For these reasons I indicated to the insurer that I considered the original proposed allowance of a $100,000 buffer to not represent a fair and reasonable amount in the circumstances of the claimant, who has approximately 37 years before retirement age. I suggested that the insurer review the allowance as at that stage I was not prepared to approve the settlement.
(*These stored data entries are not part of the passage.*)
(* The set $\mathcal{L}_{ME}=\{(M,q)\mid ME[U](M)>q\}$ is an observable hyperproperty. That is, for every rational $q$, the set of programs $\{M\mid ME[U](M)>q\}$ is an observable hyperproperty.
   Context: Stores map variables to values; $H$ is the high input variable and $O$ the low output variable. A trace is a sequence of stores. For a finite trace $t$, $t\circ t'$ is concatenation. A program is a set $M$ of infinite traces that is deterministic (two traces with the same initial value of $H$ are equal) and has a finite nonempty input domain $\mathbb{H}_M=\{\sigma_0(H)\}$. Input domains are unbounded in size. $M(h)$ is the output trace $(\sigma_1(O),\sigma_2(O),\dots)$ of the trace of $M$ starting with $H=h$. $\bot$ denotes termination. $M(h)=o$ means that for all $i$, $o_i=\bot$ or $M(h)_i=\bot$ or $M(h)_i=o_i$. For a distribution $\mu$ on $\mathbb{H}_M$, $\mu(O=o)=\sum_{h:M(h)=o}\mu(H=h)$, with conditional probabilities induced accordingly. $U$ is the uniform distribution on $\mathbb{H}_M$. Min-entropy QIF (log base 2): - $\mathcal{V}[\mu](X)=\max_x\mu(X=x)$. - $\mathcal{V}[\mu](X|Y)=\sum_y\mu(Y=y)\max_x\mu(X=x|Y=y)$. - $ME[\mu](M)=\log\frac1{\mathcal{V}[\mu](H)}-\log\frac1{\mathcal{V}[\mu](H|O)}$. $\mathit{Prop}$ is the set of programs; $\mathit{Obs}$ is the set of deterministic finite sets of finite traces. For $S\in\mathit{Obs}$ and $T\in\mathit{Prop}$, $S\le T$ iff every $t\in S$ has some $t'$ with $t\circ t'\in T$. $P\subseteq\mathit{Prop}$ is observable iff for every $S\in P$ there is $T\in\mathit{Obs}$ with $T\le S$ such that every $S'\in\mathit{Prop}$ with $T\le S'$ is in $P$. A set $\mathcal{P}$ of pairs (program, rational) is observable iff $\{M\mid(M,q)\in\mathcal{P}\}$ is observable for every rational $q$. *)

theory Defs
  imports Complex_Main
begin

(* Variables: the high input H, the low output O, and further program variables. *)
datatype var = VH | VO | Var nat

(* Values: None plays the role of bottom (termination), Some v an ordinary (integer) value.
   The value space is infinite, so input domains are unbounded in size. *)
type_synonym val = "int option"

type_synonym store = "var \<Rightarrow> val"

type_synonym trace = "nat \<Rightarrow> store"
type_synonym ftrace = "store list"

definition conc :: "ftrace \<Rightarrow> trace \<Rightarrow> trace" where
  "conc t t' = (\<lambda>i. if i < length t then t ! i else t' (i - length t))"

definition input_dom :: "trace set \<Rightarrow> val set" where
  "input_dom M = {t 0 VH | t. t \<in> M}"

definition deterministic :: "trace set \<Rightarrow> bool" where
  "deterministic M \<longleftrightarrow> (\<forall>t\<in>M. \<forall>t'\<in>M. t 0 VH = t' 0 VH \<longrightarrow> t = t')"

definition Prog :: "trace set set" where
  "Prog = {M. deterministic M \<and> finite (input_dom M) \<and> input_dom M \<noteq> {}}"

definition deterministic_fin :: "ftrace set \<Rightarrow> bool" where
  "deterministic_fin S \<longleftrightarrow>
     (\<forall>t\<in>S. \<forall>t'\<in>S. t \<noteq> [] \<longrightarrow> t' \<noteq> [] \<longrightarrow> (t ! 0) VH = (t' ! 0) VH \<longrightarrow> t = t')"

definition Obs :: "ftrace set set" where
  "Obs = {S. deterministic_fin S \<and> finite S}"

definition obs_le :: "ftrace set \<Rightarrow> trace set \<Rightarrow> bool" where
  "obs_le S T \<longleftrightarrow> (\<forall>t\<in>S. \<exists>t'. conc t t' \<in> T)"

definition observable :: "trace set set \<Rightarrow> bool" where
  "observable P \<longleftrightarrow>
     (\<forall>S\<in>P. \<exists>T\<in>Obs. obs_le T S \<and> (\<forall>S'\<in>Prog. obs_le T S' \<longrightarrow> S' \<in> P))"

definition observable_pairs :: "(trace set \<times> rat) set \<Rightarrow> bool" where
  "observable_pairs P \<longleftrightarrow> (\<forall>q. observable {M. (M, q) \<in> P})"

definition trace_of :: "trace set \<Rightarrow> val \<Rightarrow> trace" where
  "trace_of M h = (THE t. t \<in> M \<and> t 0 VH = h)"

definition out :: "trace set \<Rightarrow> val \<Rightarrow> (nat \<Rightarrow> val)" where
  "out M h = (\<lambda>i. trace_of M h (Suc i) VO)"

(* M(h) = o, with bottom (None) as wildcard *)
definition out_eq :: "(nat \<Rightarrow> val) \<Rightarrow> (nat \<Rightarrow> val) \<Rightarrow> bool" where
  "out_eq m y \<longleftrightarrow> (\<forall>i. y i = None \<or> m i = None \<or> m i = y i)"

definition mu_O :: "(val \<Rightarrow> real) \<Rightarrow> trace set \<Rightarrow> (nat \<Rightarrow> val) \<Rightarrow> real" where
  "mu_O \<mu> M y = (\<Sum>h\<in>{h \<in> input_dom M. out_eq (out M h) y}. \<mu> h)"

definition mu_HO :: "(val \<Rightarrow> real) \<Rightarrow> trace set \<Rightarrow> val \<Rightarrow> (nat \<Rightarrow> val) \<Rightarrow> real" where
  "mu_HO \<mu> M h y = (if h \<in> input_dom M \<and> out_eq (out M h) y then \<mu> h else 0)"

definition V_H :: "(val \<Rightarrow> real) \<Rightarrow> trace set \<Rightarrow> real" where
  "V_H \<mu> M = (MAX h \<in> input_dom M. \<mu> h)"

definition V_HO :: "(val \<Rightarrow> real) \<Rightarrow> trace set \<Rightarrow> real" where
  "V_HO \<mu> M = (\<Sum>y \<in> out M ` input_dom M.
      mu_O \<mu> M y * (MAX h \<in> input_dom M. mu_HO \<mu> M h y / mu_O \<mu> M y))"

definition ME :: "(val \<Rightarrow> real) \<Rightarrow> trace set \<Rightarrow> real" where
  "ME \<mu> M = log 2 (1 / V_H \<mu> M) - log 2 (1 / V_HO \<mu> M)"

definition U :: "trace set \<Rightarrow> val \<Rightarrow> real" where
  "U M h = (if h \<in> input_dom M then 1 / real (card (input_dom M)) else 0)"

definition L_ME :: "(trace set \<times> rat) set" where
  "L_ME = {(M, q). M \<in> Prog \<and> ME (U M) M > real_of_rat q}"

end

theory Submission
  imports Defs
begin

text \<open>Under the uniform prior the min-entropy leakage of a program is the logarithm of the
  number of its distinct outputs. Two distinct output streams already differ at some finite
  index, so observing sufficiently long prefixes of all traces of \<open>M\<close> forces every program
  extending them to produce at least as many distinct outputs as \<open>M\<close> does; its leakage is therefore
  at least that of \<open>M\<close>, and exceeding \<open>q\<close> is preserved.\<close>

lemma out_eq_refl: "out_eq m m"
  by (simp add: out_eq_def)

lemma V_H_uniform:
  assumes "M \<in> Prog"
  shows "V_H (U M) M = 1 / real (card (input_dom M))"
proof -
  have "U M ` input_dom M = {1 / real (card (input_dom M))}"
    using assms by (auto simp: Prog_def U_def)
  then show ?thesis
    by (simp add: V_H_def)
qed

lemma uniform_posterior_vulnerability_term:
  assumes "M \<in> Prog" and "y \<in> out M ` input_dom M"
  shows "mu_O (U M) M y * (MAX h \<in> input_dom M. mu_HO (U M) M h y / mu_O (U M) M y)
           = 1 / real (card (input_dom M))"
proof -
  define D where "D = input_dom M"
  define n where "n = real (card D)"
  define m where "m = mu_O (U M) M y"
  define C where "C = {h \<in> D. out_eq (out M h) y}"
  have fin: "finite D" "D \<noteq> {}"
    using assms(1) by (auto simp: Prog_def D_def)
  have n_pos: "n > 0"
    using fin by (simp add: n_def card_gt_0_iff)
  obtain h0 where h0: "h0 \<in> D" "y = out M h0"
    using assms(2) by (auto simp: D_def)
  then have "h0 \<in> C"
    by (simp add: C_def out_eq_refl)
  then have "card C > 0"
    using fin by (auto simp: C_def card_gt_0_iff)
  moreover have "m = real (card C) / n"
    by (simp add: m_def mu_O_def U_def C_def D_def n_def)
  ultimately have m_pos: "m > 0"
    using n_pos by simp
  have "(MAX h \<in> D. mu_HO (U M) M h y / m) = (1 / n) / m"
  proof (rule Max_eqI)
    show "finite ((\<lambda>h. mu_HO (U M) M h y / m) ` D)"
      using fin by simp
    show "(1 / n) / m \<in> (\<lambda>h. mu_HO (U M) M h y / m) ` D"
      using h0 by (force simp: mu_HO_def U_def D_def n_def out_eq_refl)
  next
    fix z assume "z \<in> (\<lambda>h. mu_HO (U M) M h y / m) ` D"
    then have "z = (1 / n) / m \<or> z = 0"
      by (auto simp: mu_HO_def U_def D_def n_def)
    then show "z \<le> (1 / n) / m"
      using n_pos m_pos by auto
  qed
  then show ?thesis
    using m_pos by (simp add: m_def D_def n_def)
qed

lemma ME_uniform_eq_log_card_outputs:
  assumes "M \<in> Prog"
  shows "ME (U M) M = log 2 (real (card (out M ` input_dom M)))"
proof -
  define n where "n = real (card (input_dom M))"
  define k where "k = real (card (out M ` input_dom M))"
  have "n > 0" "k > 0"
    using assms by (auto simp: Prog_def n_def k_def card_gt_0_iff)
  have "V_HO (U M) M = (\<Sum>y \<in> out M ` input_dom M. 1 / n)"
    unfolding V_HO_def n_def
    by (rule sum.cong) (simp_all add: uniform_posterior_vulnerability_term[OF assms])
  then have "V_HO (U M) M = k / n"
    by (simp add: k_def)
  then have "ME (U M) M = log 2 n - log 2 (n / k)"
    by (simp add: ME_def V_H_uniform[OF assms] n_def)
  also have "\<dots> = log 2 k"
    using \<open>n > 0\<close> \<open>k > 0\<close> by (simp add: log_divide)
  finally show ?thesis
    by (simp add: k_def)
qed

lemma trace_of_eq:
  assumes "deterministic M" and "t \<in> M"
  shows "trace_of M (t 0 VH) = t"
  unfolding trace_of_def
  by (rule the_equality) (use assms in \<open>auto simp: deterministic_def\<close>)

lemma trace_of_in:
  assumes "deterministic M" and "h \<in> input_dom M"
  shows "trace_of M h \<in> M" and "trace_of M h 0 VH = h"
proof -
  obtain t where "t \<in> M" "h = t 0 VH"
    using assms(2) by (auto simp: input_dom_def)
  then show "trace_of M h \<in> M" "trace_of M h 0 VH = h"
    using trace_of_eq[OF assms(1)] by auto
qed

lemma ex_distinguishing_horizon:
  fixes f :: "'a \<Rightarrow> nat \<Rightarrow> 'b"
  assumes "finite A"
  shows "\<exists>n. \<forall>x\<in>A. \<forall>y\<in>A. f x \<noteq> f y \<longrightarrow> (\<exists>i<n. f x i \<noteq> f y i)"
proof -
  define idx where "idx p = (SOME i. f (fst p) i \<noteq> f (snd p) i)" for p
  define P where "P = {(x, y). x \<in> A \<and> y \<in> A \<and> f x \<noteq> f y}"
  have "finite P"
    by (rule finite_subset[of _ "A \<times> A"]) (auto simp: P_def assms)
  then obtain n where n: "\<forall>i \<in> idx ` P. i < n"
    using finite_nat_set_iff_bounded by blast
  have "\<exists>i<n. f x i \<noteq> f y i" if "x \<in> A" "y \<in> A" "f x \<noteq> f y" for x y
  proof -
    have "\<exists>i. f x i \<noteq> f y i"
      using \<open>f x \<noteq> f y\<close> by (auto simp: fun_eq_iff)
    from someI_ex[OF this] have "f x (idx (x, y)) \<noteq> f y (idx (x, y))"
      by (simp add: idx_def)
    moreover have "idx (x, y) < n"
      using n that by (auto simp: P_def)
    ultimately show ?thesis
      by blast
  qed
  then show ?thesis
    by blast
qed

lemma card_image_le_card_image:
  assumes "\<And>x y. x \<in> A \<Longrightarrow> y \<in> A \<Longrightarrow> g x = g y \<Longrightarrow> f x = f y" and "finite A"
  shows "card (f ` A) \<le> card (g ` A)"
proof -
  have "f x = (f \<circ> inv_into A g) (g x)" if "x \<in> A" for x
    using that by (metis assms(1) comp_apply f_inv_into_f image_eqI inv_into_into)
  then have "f ` A \<subseteq> (f \<circ> inv_into A g) ` g ` A"
    by blast
  then have "card (f ` A) \<le> card ((f \<circ> inv_into A g) ` g ` A)"
    using assms(2) by (intro card_mono) auto
  also have "\<dots> \<le> card (g ` A)"
    by (rule card_image_le) (use assms(2) in simp)
  finally show ?thesis .
qed

text \<open>Output \<open>i\<close> is read from state \<open>Suc i\<close>, so prefixes of length \<open>Suc n\<close> fix the outputs below \<open>n\<close>.\<close>

definition obs_prefix :: "trace set \<Rightarrow> nat \<Rightarrow> ftrace set" where
  "obs_prefix M n = (\<lambda>h. map (trace_of M h) [0..<Suc n]) ` input_dom M"

lemma obs_prefix_in_Obs:
  assumes "M \<in> Prog"
  shows "obs_prefix M n \<in> Obs"
proof -
  have "deterministic M" "finite (input_dom M)"
    using assms by (auto simp: Prog_def)
  then show ?thesis
    unfolding Obs_def deterministic_fin_def obs_prefix_def
    by (auto simp: trace_of_in nth_append simp del: upt_Suc)
qed

lemma conc_prefix_suffix: "conc (map t [0..<n]) (\<lambda>j. t (j + n)) = t"
  by (rule ext) (simp add: conc_def)

lemma obs_le_obs_prefix:
  assumes "deterministic M"
  shows "obs_le (obs_prefix M n) M"
  unfolding obs_le_def obs_prefix_def
  by (metis (no_types, lifting) assms conc_prefix_suffix imageE trace_of_in(1))

lemma outputs_agree_if_obs_le_obs_prefix:
  assumes "deterministic M" and "deterministic S" and "obs_le (obs_prefix M n) S"
    and "h \<in> input_dom M"
  shows "h \<in> input_dom S" and "\<And>i. i < n \<Longrightarrow> out S h i = out M h i"
proof -
  define p where "p = map (trace_of M h) [0..<Suc n]"
  obtain t' where t': "conc p t' \<in> S"
    using assms(3,4) by (auto simp: obs_le_def obs_prefix_def p_def)
  have "conc p t' 0 VH = h"
    by (simp add: conc_def p_def trace_of_in(2)[OF assms(1,4)] del: upt_Suc)
  then have trace_S: "trace_of S h = conc p t'"
    using trace_of_eq[OF assms(2) t'] by simp
  show "h \<in> input_dom S"
    using t' \<open>conc p t' 0 VH = h\<close> unfolding input_dom_def by blast
  show "out S h i = out M h i" if "i < n" for i
    using that by (simp add: out_def trace_S conc_def p_def del: upt_Suc)
qed

lemma card_outputs_mono_if_obs_le_obs_prefix:
  assumes "M \<in> Prog" and "S \<in> Prog" and "obs_le (obs_prefix M n) S"
    and horizon: "\<forall>x\<in>input_dom M. \<forall>y\<in>input_dom M.
                    out M x \<noteq> out M y \<longrightarrow> (\<exists>i<n. out M x i \<noteq> out M y i)"
  shows "card (out M ` input_dom M) \<le> card (out S ` input_dom S)"
proof -
  have det: "deterministic M" "deterministic S" and fin: "finite (input_dom M)"
    "finite (input_dom S)"
    using assms(1,2) by (auto simp: Prog_def)
  note agree = outputs_agree_if_obs_le_obs_prefix[OF det assms(3)]
  have "card (out M ` input_dom M) \<le> card (out S ` input_dom M)"
    by (rule card_image_le_card_image[OF _ fin(1)]) (metis agree(2) horizon)
  also have "\<dots> \<le> card (out S ` input_dom S)"
    using agree(1) fin(2) by (intro card_mono) auto
  finally show ?thesis .
qed

theorem theorem5:
  shows "observable_pairs L_ME"
  unfolding observable_pairs_def observable_def
proof (intro allI ballI)
  fix q M assume "M \<in> {M. (M, q) \<in> L_ME}"
  then have M: "M \<in> Prog" and leak: "ME (U M) M > real_of_rat q"
    by (auto simp: L_ME_def)
  have "finite (input_dom M)"
    using M by (simp add: Prog_def)
  then obtain n where horizon: "\<forall>x\<in>input_dom M. \<forall>y\<in>input_dom M.
                             out M x \<noteq> out M y \<longrightarrow> (\<exists>i<n. out M x i \<noteq> out M y i)"
    by (metis ex_distinguishing_horizon)
  have "S \<in> {M. (M, q) \<in> L_ME}" if S: "S \<in> Prog" and le: "obs_le (obs_prefix M n) S" for S
  proof -
    have "card (out M ` input_dom M) \<le> card (out S ` input_dom S)"
      by (rule card_outputs_mono_if_obs_le_obs_prefix[OF M S le horizon])
    moreover have "card (out M ` input_dom M) > 0"
      using M by (auto simp: Prog_def card_gt_0_iff)
    ultimately have "ME (U M) M \<le> ME (U S) S"
      by (simp add: ME_uniform_eq_log_card_outputs M S)
    then show ?thesis
      using leak S by (simp add: L_ME_def)
  qed
  moreover have "obs_le (obs_prefix M n) M"
    using M by (simp add: Prog_def obs_le_obs_prefix)
  ultimately show "\<exists>T\<in>Obs. obs_le T M \<and> (\<forall>S\<in>Prog. obs_le T S \<longrightarrow> S \<in> {M. (M, q) \<in> L_ME})"
    using obs_prefix_in_Obs[OF M] by blast
qed

end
The revised settlement includes an allowance of $180,000 for future economic loss. It is made on a buffer basis, but I note that it would roughly represent a weekly amount of loss of earnings of approximately $150 plus superannuation.
OTHER CONSIDERATIONS
At the preliminary conferences, I raised with the claimant that he was not represented by a legal practitioner. The claimant was aware of his entitlement to engage legal representation, however, was clear that he did not wish to do so.
I find that the amended signed settlement agreement in respect of the proposed settlement appropriately protects the rights of the claimant.
At the preliminary conference, I explained to the claimant that the settlement only extinguishes his right to damages. I noted that he would have an ongoing right to receive treatment and care expenses, on the basis that such treatment was related to the injuries caused by the accident and that the treatment and care was reasonable and necessary.
I understand the claimant may have been in receipt of Centrelink payments. The claimant is fully aware that that it is likely that Centrelink will issue a notice that requires an amount to be forwarded to them as a payback from the settlement amount. I also explained to the claimant that Centrelink may determine that he may be precluded from receiving payments for a certain period as a result of the settlement.
I explained that neither myself nor the insurer can predict what Centrelink’s determination would be.
The claimant was aware that the payments of weekly statutory benefits would be deducted from the settlement amount, and he has been advised that this amounts to a total deduction of $18,628.06.
CONCLUSION
I am satisfied that the proposed settlement amount is fair and reasonable and within the likely range that would likely be assessed should the matter be assessed by a Member of the Commission or by a Court.
I therefore approve the proposed settlement. A certificate to this effect is included at the beginning of these reasons.